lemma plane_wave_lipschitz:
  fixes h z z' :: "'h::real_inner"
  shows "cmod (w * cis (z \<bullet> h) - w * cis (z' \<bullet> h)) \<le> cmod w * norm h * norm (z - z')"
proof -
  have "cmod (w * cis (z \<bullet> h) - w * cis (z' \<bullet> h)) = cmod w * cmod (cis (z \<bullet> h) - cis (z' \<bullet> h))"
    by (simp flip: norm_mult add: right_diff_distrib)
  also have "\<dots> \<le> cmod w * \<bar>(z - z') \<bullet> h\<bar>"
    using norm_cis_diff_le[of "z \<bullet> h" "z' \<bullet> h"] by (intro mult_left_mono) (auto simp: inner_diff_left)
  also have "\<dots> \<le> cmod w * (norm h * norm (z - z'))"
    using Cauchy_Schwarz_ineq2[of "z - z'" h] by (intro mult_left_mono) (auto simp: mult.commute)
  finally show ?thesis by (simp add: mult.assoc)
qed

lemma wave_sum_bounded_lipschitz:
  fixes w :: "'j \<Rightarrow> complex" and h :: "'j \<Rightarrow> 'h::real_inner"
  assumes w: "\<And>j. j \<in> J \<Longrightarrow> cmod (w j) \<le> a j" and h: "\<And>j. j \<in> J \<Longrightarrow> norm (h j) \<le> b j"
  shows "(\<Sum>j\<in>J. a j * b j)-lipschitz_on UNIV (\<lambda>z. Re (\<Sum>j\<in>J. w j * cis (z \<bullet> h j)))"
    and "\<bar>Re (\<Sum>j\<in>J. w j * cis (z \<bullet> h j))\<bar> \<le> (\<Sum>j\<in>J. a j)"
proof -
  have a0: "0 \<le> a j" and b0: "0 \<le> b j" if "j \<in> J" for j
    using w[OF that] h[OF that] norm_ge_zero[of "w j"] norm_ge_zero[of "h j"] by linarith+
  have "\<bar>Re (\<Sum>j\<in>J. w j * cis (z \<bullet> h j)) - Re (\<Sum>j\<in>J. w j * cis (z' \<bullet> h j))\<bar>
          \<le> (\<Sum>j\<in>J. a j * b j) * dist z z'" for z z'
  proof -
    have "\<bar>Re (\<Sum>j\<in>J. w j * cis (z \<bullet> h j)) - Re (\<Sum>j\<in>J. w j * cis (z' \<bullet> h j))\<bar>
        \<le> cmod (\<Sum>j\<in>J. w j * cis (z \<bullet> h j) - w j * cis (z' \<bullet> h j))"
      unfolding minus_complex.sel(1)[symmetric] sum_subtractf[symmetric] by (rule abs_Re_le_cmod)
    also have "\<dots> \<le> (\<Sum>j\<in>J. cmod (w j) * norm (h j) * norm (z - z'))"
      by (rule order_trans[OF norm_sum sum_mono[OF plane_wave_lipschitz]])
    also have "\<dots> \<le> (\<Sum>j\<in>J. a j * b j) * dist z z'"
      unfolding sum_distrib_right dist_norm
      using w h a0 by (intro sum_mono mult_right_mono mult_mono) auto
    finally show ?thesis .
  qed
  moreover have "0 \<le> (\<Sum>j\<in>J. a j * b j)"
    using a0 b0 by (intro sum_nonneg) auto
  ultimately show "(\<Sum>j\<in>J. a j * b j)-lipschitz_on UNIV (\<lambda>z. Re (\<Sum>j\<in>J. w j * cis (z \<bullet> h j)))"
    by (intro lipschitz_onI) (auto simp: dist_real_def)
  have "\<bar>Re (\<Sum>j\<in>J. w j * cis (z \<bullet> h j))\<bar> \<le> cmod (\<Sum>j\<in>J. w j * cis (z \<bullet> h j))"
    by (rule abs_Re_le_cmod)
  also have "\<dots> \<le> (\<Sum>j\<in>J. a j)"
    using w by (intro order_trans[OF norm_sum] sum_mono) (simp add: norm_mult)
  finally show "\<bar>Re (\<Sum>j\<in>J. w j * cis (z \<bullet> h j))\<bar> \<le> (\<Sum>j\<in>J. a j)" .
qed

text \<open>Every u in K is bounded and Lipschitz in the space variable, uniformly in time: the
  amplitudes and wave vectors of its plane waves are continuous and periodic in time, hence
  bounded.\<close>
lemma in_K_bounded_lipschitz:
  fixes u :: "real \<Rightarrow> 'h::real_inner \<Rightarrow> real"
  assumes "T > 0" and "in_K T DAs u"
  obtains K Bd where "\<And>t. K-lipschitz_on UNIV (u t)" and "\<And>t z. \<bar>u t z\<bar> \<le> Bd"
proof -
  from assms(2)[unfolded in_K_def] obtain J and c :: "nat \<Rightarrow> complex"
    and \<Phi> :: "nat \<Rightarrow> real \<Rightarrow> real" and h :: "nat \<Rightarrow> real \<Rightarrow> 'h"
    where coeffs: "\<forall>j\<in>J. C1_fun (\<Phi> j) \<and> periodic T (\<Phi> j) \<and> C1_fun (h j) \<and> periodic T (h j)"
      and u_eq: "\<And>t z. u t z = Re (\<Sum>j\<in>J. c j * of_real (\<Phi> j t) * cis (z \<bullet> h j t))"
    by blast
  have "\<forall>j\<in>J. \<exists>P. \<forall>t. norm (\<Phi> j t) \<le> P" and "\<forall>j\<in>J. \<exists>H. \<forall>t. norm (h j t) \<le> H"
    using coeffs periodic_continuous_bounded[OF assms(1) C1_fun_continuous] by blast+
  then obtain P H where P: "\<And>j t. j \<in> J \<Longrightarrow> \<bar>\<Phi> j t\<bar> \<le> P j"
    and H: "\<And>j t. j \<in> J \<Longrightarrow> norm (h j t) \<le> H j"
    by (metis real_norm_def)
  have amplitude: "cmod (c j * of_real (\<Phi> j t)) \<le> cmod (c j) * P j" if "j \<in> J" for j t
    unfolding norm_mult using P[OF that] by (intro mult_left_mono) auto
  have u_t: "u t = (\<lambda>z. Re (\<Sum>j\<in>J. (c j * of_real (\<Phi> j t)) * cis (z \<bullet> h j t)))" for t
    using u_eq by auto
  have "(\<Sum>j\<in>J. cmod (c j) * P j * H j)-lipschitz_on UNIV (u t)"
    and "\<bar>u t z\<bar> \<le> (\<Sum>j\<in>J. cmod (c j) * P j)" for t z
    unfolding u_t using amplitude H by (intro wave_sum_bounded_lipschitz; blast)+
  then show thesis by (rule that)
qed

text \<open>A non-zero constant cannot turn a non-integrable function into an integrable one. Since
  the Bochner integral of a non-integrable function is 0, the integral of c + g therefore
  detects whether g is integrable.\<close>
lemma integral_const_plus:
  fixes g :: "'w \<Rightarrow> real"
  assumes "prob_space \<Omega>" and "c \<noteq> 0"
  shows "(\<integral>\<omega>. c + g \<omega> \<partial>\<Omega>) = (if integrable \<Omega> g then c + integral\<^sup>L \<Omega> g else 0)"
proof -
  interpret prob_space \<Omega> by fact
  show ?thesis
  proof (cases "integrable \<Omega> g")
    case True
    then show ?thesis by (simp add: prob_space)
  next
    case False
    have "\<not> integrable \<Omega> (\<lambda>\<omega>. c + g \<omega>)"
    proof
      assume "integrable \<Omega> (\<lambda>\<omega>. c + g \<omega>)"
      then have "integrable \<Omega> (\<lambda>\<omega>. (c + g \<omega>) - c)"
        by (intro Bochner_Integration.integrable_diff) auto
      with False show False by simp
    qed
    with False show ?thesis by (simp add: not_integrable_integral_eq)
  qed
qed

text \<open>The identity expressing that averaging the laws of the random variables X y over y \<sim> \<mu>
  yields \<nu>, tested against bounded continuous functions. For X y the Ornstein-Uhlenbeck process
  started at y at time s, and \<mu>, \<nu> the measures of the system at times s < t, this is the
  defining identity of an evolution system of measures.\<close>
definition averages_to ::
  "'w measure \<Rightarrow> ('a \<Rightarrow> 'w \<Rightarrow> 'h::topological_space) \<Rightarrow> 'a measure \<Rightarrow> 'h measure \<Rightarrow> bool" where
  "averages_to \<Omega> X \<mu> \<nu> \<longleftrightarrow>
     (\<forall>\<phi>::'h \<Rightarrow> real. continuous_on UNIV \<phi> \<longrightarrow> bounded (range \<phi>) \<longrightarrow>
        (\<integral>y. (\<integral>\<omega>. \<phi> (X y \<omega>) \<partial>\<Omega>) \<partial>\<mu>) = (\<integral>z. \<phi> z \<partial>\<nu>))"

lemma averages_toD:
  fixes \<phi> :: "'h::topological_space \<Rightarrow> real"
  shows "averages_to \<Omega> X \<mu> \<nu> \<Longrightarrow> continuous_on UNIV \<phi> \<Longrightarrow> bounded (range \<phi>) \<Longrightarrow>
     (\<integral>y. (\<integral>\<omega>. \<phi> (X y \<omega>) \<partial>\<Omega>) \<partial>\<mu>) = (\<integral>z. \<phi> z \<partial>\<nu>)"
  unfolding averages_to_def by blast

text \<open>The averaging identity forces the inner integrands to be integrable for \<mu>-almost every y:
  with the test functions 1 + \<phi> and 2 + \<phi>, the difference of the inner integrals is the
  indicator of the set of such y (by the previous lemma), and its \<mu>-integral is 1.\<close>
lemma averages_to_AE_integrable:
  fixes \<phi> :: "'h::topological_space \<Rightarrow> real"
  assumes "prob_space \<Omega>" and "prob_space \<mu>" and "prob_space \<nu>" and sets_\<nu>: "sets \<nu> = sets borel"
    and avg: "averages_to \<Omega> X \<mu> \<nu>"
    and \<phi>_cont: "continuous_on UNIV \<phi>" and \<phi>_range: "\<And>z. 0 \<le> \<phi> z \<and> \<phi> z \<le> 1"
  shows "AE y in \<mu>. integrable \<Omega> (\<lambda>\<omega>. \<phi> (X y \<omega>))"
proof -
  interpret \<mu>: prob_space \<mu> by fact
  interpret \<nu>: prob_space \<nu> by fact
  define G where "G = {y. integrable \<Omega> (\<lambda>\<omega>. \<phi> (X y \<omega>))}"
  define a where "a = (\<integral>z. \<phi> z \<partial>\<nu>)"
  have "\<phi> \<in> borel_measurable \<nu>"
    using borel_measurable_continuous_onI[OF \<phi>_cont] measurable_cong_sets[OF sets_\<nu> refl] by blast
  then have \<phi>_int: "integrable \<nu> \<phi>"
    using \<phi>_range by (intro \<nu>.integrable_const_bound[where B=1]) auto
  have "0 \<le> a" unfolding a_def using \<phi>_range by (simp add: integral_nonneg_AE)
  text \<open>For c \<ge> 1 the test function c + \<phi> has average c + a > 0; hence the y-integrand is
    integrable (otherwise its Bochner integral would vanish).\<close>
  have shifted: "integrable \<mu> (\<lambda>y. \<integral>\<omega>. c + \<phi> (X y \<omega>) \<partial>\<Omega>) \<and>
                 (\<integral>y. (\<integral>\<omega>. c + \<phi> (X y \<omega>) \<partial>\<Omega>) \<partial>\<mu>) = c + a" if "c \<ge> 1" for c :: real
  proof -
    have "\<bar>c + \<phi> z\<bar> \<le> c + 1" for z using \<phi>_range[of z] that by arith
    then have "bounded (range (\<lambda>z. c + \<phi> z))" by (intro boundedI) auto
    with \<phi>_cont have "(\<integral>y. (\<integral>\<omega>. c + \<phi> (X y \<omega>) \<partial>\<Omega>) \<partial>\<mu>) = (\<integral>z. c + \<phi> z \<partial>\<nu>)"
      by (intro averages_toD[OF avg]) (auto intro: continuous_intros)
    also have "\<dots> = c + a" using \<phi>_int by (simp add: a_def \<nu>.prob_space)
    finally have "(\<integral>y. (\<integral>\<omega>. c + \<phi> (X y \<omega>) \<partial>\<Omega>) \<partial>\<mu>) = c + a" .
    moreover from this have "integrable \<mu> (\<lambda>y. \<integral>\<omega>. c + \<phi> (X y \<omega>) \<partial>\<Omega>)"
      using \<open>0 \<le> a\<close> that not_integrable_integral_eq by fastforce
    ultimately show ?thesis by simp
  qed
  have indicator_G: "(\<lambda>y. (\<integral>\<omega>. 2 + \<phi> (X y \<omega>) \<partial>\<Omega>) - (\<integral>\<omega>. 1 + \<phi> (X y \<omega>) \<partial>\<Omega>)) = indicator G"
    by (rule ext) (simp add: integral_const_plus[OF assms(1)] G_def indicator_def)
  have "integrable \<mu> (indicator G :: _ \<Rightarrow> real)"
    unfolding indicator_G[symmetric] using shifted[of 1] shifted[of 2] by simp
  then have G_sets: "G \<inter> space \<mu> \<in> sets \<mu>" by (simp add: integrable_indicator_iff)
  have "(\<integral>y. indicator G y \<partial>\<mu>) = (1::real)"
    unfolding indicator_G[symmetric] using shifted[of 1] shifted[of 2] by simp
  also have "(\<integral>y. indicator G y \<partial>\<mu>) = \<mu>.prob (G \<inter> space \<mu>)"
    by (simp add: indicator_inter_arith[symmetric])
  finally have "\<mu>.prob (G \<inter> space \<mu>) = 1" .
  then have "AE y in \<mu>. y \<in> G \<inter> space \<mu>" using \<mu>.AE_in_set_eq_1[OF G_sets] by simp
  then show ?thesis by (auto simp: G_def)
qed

* **EXERCISE REQUIREMENTS**: Please find each line in the records above that holds the word "from", and copy it.

* **SOLUTION TO THIS PROBLEM**:
  from assms(2)[unfolded in_K_def] obtain J and c :: "nat \<Rightarrow> complex"
    moreover from this have "integrable \<mu> (\<lambda>y. \<integral>\<omega>. c + \<phi> (X y \<omega>) \<partial>\<Omega>)"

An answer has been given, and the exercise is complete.